BJK TV’den Gürler Akgün’ün moderatörlüğünde gerçekleştirilen söyleşi, BJK TV’de İdol programında yayınlandı. Söyleşide Metin Albayrak ve Necip Uysal, şunları dile getirdi:

Gürler Akgün: Bugün yönetim kurulu üyemiz Sayın Metin Albayrak ve kaptanımız Necip Uysal ile birlikteyiz. Kaptan kendi geçtiği yollardan onları takip edeceği oyuncularla bir arada. Metin bey bugün güzel bir gün, güzel bir anı. Nedir bugünün anlam ve önemi biraz bahseder misiniz?

Metin Albayrak: Bizim için çok önemli bir gün. Geçmişimize baktığımızda da altyapı kültürü hep var olan bir kulübüz. Tarihimiz de bunu gösteriyor zaten. Hocalarımızla beraber çalışarak bir vizyon çizdik ve o stratejide ilerliyoruz. Tabi ki en büyük beklentimiz Beşiktaş’ın önemli ve ana iskeletini koruyup Beşiktaş kültürü ile yetişmiş altyapıdan gelen çocuklarımızı çoğunlukla oynatmak. Bu bilinçle çalışıyoruz. Kaptanımız da bu yollardan gelmiş ve hala Beşiktaş forması taşıyor. Kişiliği ve karakteri ile çok büyük bir örnek. Ondan alacakları öğrenecekleri tavsiyeler, öneriler çok büyük değer katacak hayatlarına.

Gürler Akgün: Kaptan hoş geldin yuvana. Seninle gurur duyuyoruz iyi ki kaptanımızsın. Akademi altyapı oyuncuları karşında söylediğin her cümle ve öneri onlar için çok önemli. Nasıl başladı bu süreç? Bize anlatır mısın?

Necip Uysal: Burada olduğum için çok mutluyum. Genç oyuncular ve hocalarım karşımda. Tabi ki bu süreç kolay değil. Buralara gelmek ve kalıcı olmak çok önemli. Benim buralara gelmemde hocalarımın katkısı çok büyük. Beni en iyi şekilde hazırladılar A Takıma gelebilmem için. O zamanki şartlarda iyi şekilde ilerledi benim için. Sonunda A takıma çıktım ve kalıcı olmayı başardım. Hala da devam ediyorum. Ben altyapıya girdiğimde bir hedefim yoktu açık söylemek gerekirse ama oynamaya başladıktan sonra kendime yavaş yavaş hedef koymaya başladım ve A takıma çıkıp kaptan olmayı şampiyonluklar yaşamayı istiyordum. Ben bunların hepsini başardım Allah’a şükürler olsun. Buralara gelmek kolay olmadı. Ben oynarken toprak saha vardı burada ama şimdi tesisleri gezdiğim zaman şartlar çok daha iyi olmuş yönetimimize burdan teşekkür ederim. Dediğim gibi çok çalışıp pes etmemek lazım. Böyle olduğu zaman bi yerden kapı açılıyor ve Allah yardım ediyor.

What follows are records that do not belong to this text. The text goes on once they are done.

(* With the notation of the context, assume that $L$ is nonresonant in $X_{N,T}$, $X_{D,T}$, $X_{M_1,T}$ and $X_{M_2,T}$, that $\widetilde L$ is nonresonant in $X_{N,2T}$ and $X_{D,2T}$, and that $\widetilde{\widetilde L}$ is nonresonant in $X_{P,4T}$. Then for all $(t,s)\in I\times I$, \[G_P[4T](t,s)=\tfrac14\big(G_N[T](t,s)+G_D[T](t,s)+G_{M_1}[T](t,s)+G_{M_2}[T](t,s)\big).\]
   Context: Fix $n\ge 1$, $T>0$, $I=[0,T]$, $J=[0,2T]$. $W^{2n,1}(K)$: $u\in C^{2n-1}(K)$ with $u^{(2n-1)}$ absolutely continuous. Let $a_0,\dots,a_{2n-1}\in L^{\alpha}(I)$, $\alpha\ge1$, $Lu=u^{(2n)}+\sum_{k=0}^{2n-1}a_ku^{(k)}$ on $I$. $\widetilde L u=u^{(2n)}+\sum_{k=0}^{n-1}(\hat a_{2k+1}u^{(2k+1)}+\tilde a_{2k}u^{(2k)})$ on $J$, where $\tilde a_{2k}=a_{2k}$, $\hat a_{2k+1}=a_{2k+1}$ on $I$, and $\tilde a_{2k}(t)=a_{2k}(2T-t)$, $\hat a_{2k+1}(t)=-a_{2k+1}(2T-t)$ for $t\in(T,2T]$; $\widetilde{\widetilde L}$ on $[0,4T]$ is obtained by the same construction from $\widetilde L$ (reflection about $2T$). Nonresonance of $M$ in $X$: $Mu=0$ a.e., $u\in X$ implies $u\equiv0$; the Green's function $G$ then gives the unique solution $u(t)=\int G(t,s)\sigma(s)ds$ of $Mu=\sigma$, $u\in X$. Spaces ($k=0,\dots,n-1$ unless stated): $X_{N,T}$: $u^{(2k+1)}(0)=u^{(2k+1)}(T)=0$; $X_{D,T}$: $u^{(2k)}(0)=u^{(2k)}(T)=0$; $X_{M_1,T}$: $u^{(2k+1)}(0)=u^{(2k)}(T)=0$; $X_{M_2,T}$: $u^{(2k)}(0)=u^{(2k+1)}(T)=0$ (all in $W^{2n,1}(I)$); $X_{N,2T}$, $X_{D,2T}$: the analogous Neumann/Dirichlet conditions at $0$ and $2T$ in $W^{2n,1}(J)$; $X_{P,4T}=\{u\in W^{2n,1}([0,4T]): u^{(k)}(0)=u^{(k)}(4T),\ k=0,\dots,2n-1\}$. $G_N[T],G_D[T],G_{M_1}[T],G_{M_2}[T]$ are the Green's functions of $L$ on $X_{N,T},X_{D,T},X_{M_1,T},X_{M_2,T}$, and $G_P[4T]$ that of $\widetilde{\widetilde L}$ on $X_{P,4T}$. *)

theory Defs
  imports "HOL-Analysis.Analysis"
begin

definition abs_cont_on :: "real \<Rightarrow> real \<Rightarrow> (real \<Rightarrow> real) \<Rightarrow> bool" where
  "abs_cont_on lo hi f \<longleftrightarrow>
     (\<forall>\<epsilon>>0. \<exists>\<delta>>0. \<forall>(N::nat) (x::nat \<Rightarrow> real) (y::nat \<Rightarrow> real).
        (\<forall>i<N. lo \<le> x i \<and> x i \<le> y i \<and> y i \<le> hi) \<and>
        (\<forall>i<N. \<forall>j<N. i \<noteq> j \<longrightarrow> y i \<le> x j \<or> y j \<le> x i) \<and>
        (\<Sum>i<N. y i - x i) < \<delta>
        \<longrightarrow> (\<Sum>i<N. \<bar>f (y i) - f (x i)\<bar>) < \<epsilon>)"

text \<open>Membership in W^{m,1}([lo,hi]) (here m = 2n), witnessed by the family D of derivatives:
  D 0 = u on the interval, D k is the k-th derivative (within the interval) for k \<le> m-1,
  all of them continuous (so u \<in> C^{m-1}), and D (m-1) absolutely continuous.\<close>
definition W_space :: "nat \<Rightarrow> real \<Rightarrow> real \<Rightarrow> (real \<Rightarrow> real) \<Rightarrow> (nat \<Rightarrow> real \<Rightarrow> real) \<Rightarrow> bool" where
  "W_space m lo hi u D \<longleftrightarrow>
     (\<forall>t\<in>{lo..hi}. D 0 t = u t) \<and>
     (\<forall>k<m. continuous_on {lo..hi} (D k)) \<and>
     (\<forall>k. Suc k < m \<longrightarrow> (\<forall>t\<in>{lo..hi}. (D k has_real_derivative D (Suc k) t) (at t within {lo..hi}))) \<and>
     abs_cont_on lo hi (D (m - 1))"

text \<open>M u = \<sigma> a.e. on [lo,hi], where M u = u^{(m)} + \<Sum>_{k<m} c_k u^{(k)}; u^{(m)} is the
  (a.e. existing) derivative of the absolutely continuous function u^{(m-1)} = D (m-1).\<close>
definition solves_ae :: "(nat \<Rightarrow> real \<Rightarrow> real) \<Rightarrow> nat \<Rightarrow> real \<Rightarrow> real \<Rightarrow> (nat \<Rightarrow> real \<Rightarrow> real)
    \<Rightarrow> (real \<Rightarrow> real) \<Rightarrow> bool" where
  "solves_ae c m lo hi D \<sigma> \<longleftrightarrow>
     (AE t in lborel. t \<in> {lo..hi} \<longrightarrow>
        (\<exists>d. (D (m - 1) has_real_derivative d) (at t within {lo..hi}) \<and>
             d + (\<Sum>k<m. c k t * D k t) = \<sigma> t))"

definition bc_N :: "nat \<Rightarrow> real \<Rightarrow> real \<Rightarrow> (nat \<Rightarrow> real \<Rightarrow> real) \<Rightarrow> bool" where
  "bc_N n lo hi D \<longleftrightarrow> (\<forall>k<n. D (2*k+1) lo = 0 \<and> D (2*k+1) hi = 0)"
definition bc_D :: "nat \<Rightarrow> real \<Rightarrow> real \<Rightarrow> (nat \<Rightarrow> real \<Rightarrow> real) \<Rightarrow> bool" where
  "bc_D n lo hi D \<longleftrightarrow> (\<forall>k<n. D (2*k) lo = 0 \<and> D (2*k) hi = 0)"
definition bc_M1 :: "nat \<Rightarrow> real \<Rightarrow> real \<Rightarrow> (nat \<Rightarrow> real \<Rightarrow> real) \<Rightarrow> bool" where
  "bc_M1 n lo hi D \<longleftrightarrow> (\<forall>k<n. D (2*k+1) lo = 0 \<and> D (2*k) hi = 0)"
definition bc_M2 :: "nat \<Rightarrow> real \<Rightarrow> real \<Rightarrow> (nat \<Rightarrow> real \<Rightarrow> real) \<Rightarrow> bool" where
  "bc_M2 n lo hi D \<longleftrightarrow> (\<forall>k<n. D (2*k) lo = 0 \<and> D (2*k+1) hi = 0)"
definition bc_P :: "nat \<Rightarrow> real \<Rightarrow> real \<Rightarrow> (nat \<Rightarrow> real \<Rightarrow> real) \<Rightarrow> bool" where
  "bc_P n lo hi D \<longleftrightarrow> (\<forall>k<2*n. D k lo = D k hi)"

definition nonresonant :: "(nat \<Rightarrow> real \<Rightarrow> real) \<Rightarrow> nat \<Rightarrow> real \<Rightarrow> real
    \<Rightarrow> ((nat \<Rightarrow> real \<Rightarrow> real) \<Rightarrow> bool) \<Rightarrow> bool" where
  "nonresonant c m lo hi bc \<longleftrightarrow>
     (\<forall>u D. W_space m lo hi u D \<and> bc D \<and> solves_ae c m lo hi D (\<lambda>_. 0)
        \<longrightarrow> (\<forall>t\<in>{lo..hi}. u t = 0))"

Gürler Akgün: Metin Bey BJK Fulya Hakkı Yeten Tesisleri her geçen gün yenileniyor güzelleşiyor. Bu iş aslında altyapı ve akademi oyuncularımıza hayatlarında daha güzel kapılar açacaktır. Siz ne dersiniz bu konu hakkında?

Metin Albayrak: Türkiye’de altyapı bayrağını en önde biz taşıyoruz. Hocalarımızın çoğu buralardan gelmiş büyük emekleri var burada çalışıyolar. Biz de layık olmaya çalışıyoruz. Bu topraklarda doğmuş yetişmiş çocuklar neden başarılı olmasın. Yabancılardan ne farkımız var? Onlar da insan. Tek farkları çok çalışıyolar ve kendilerine hedef koyuyorlar. Altpılarımızdaki oyuncularımızın hepsinin hedefi futbolcu olmak ve A takıma çıkmak. Peki oraya gelebilmek için ne yapmamız gerekiyor? Önce bedenen para kazanacakları için bedenlerine çok iyi bakmaları lazım. İyi beslenip iyi dinlenmeleri lazım. Saha içi işin en son kısmı. Zaten yetenekli olduğunuz için buradasınız. Hep büyük hedefler koyun kendinize. Sadece Beşiktaş değil. Avrupa’da çok büyük kulüplerde de oynayabilirsiniz. Bunun için kendinize büyük hedefler koyun. En önemlisi kendinize inanmak. Bizim işimiz de sizlere daha iyi saha ve zeminler hazırlamak. Hocalar sahalar doktorlar vs.. Akademi ve altyapı ile ilgili yeni projelerimiz var. 1 ay sonra zaten Başkanımız da kamuoyuna açıklayacak. Hedefimiz daha iyi modern Avrupa’nın en üst seviyelerinde olan bir akademi ve altyapı oluşturmak. Bunun için çalışıyoruz.

Gürler Akgün: Kaptan şerefiyle oynayıp hakkıyla kazanan bir caminanın evladısın. Buraya ilk geldiğin günü hatırlıyor musun? Bize anlatır mısın?

Necip Uysal: İlk geldiğimde Bayrampaşa’da oturuyodum. Çok heyecanlanmıştım transfer olduğumu duyunca. İlk babam görüşmeleri yapmıştı. Benim için de çok önemliydi. Oralardan Beşiktaş’a gelmek. O günleri unutamıyorum. O haberi alınca okuldaydım zaten eve nasıl geldiğimi bile hatırlamıyorum. Çok heyecanlıydım çok mutlu olmuştum.

Gürler Akgün: Kaptan senin gibi çok uzak yerlerden Anadolu’dan gelen kardeşlerimiz var. Onlara tavsiyelerin nelerdir? Bize biraz tavsiyelerinden, hayat görüşlerinden bahseder misin ? Necip Uysal olmanın iksiri nedir? Formülü nedir?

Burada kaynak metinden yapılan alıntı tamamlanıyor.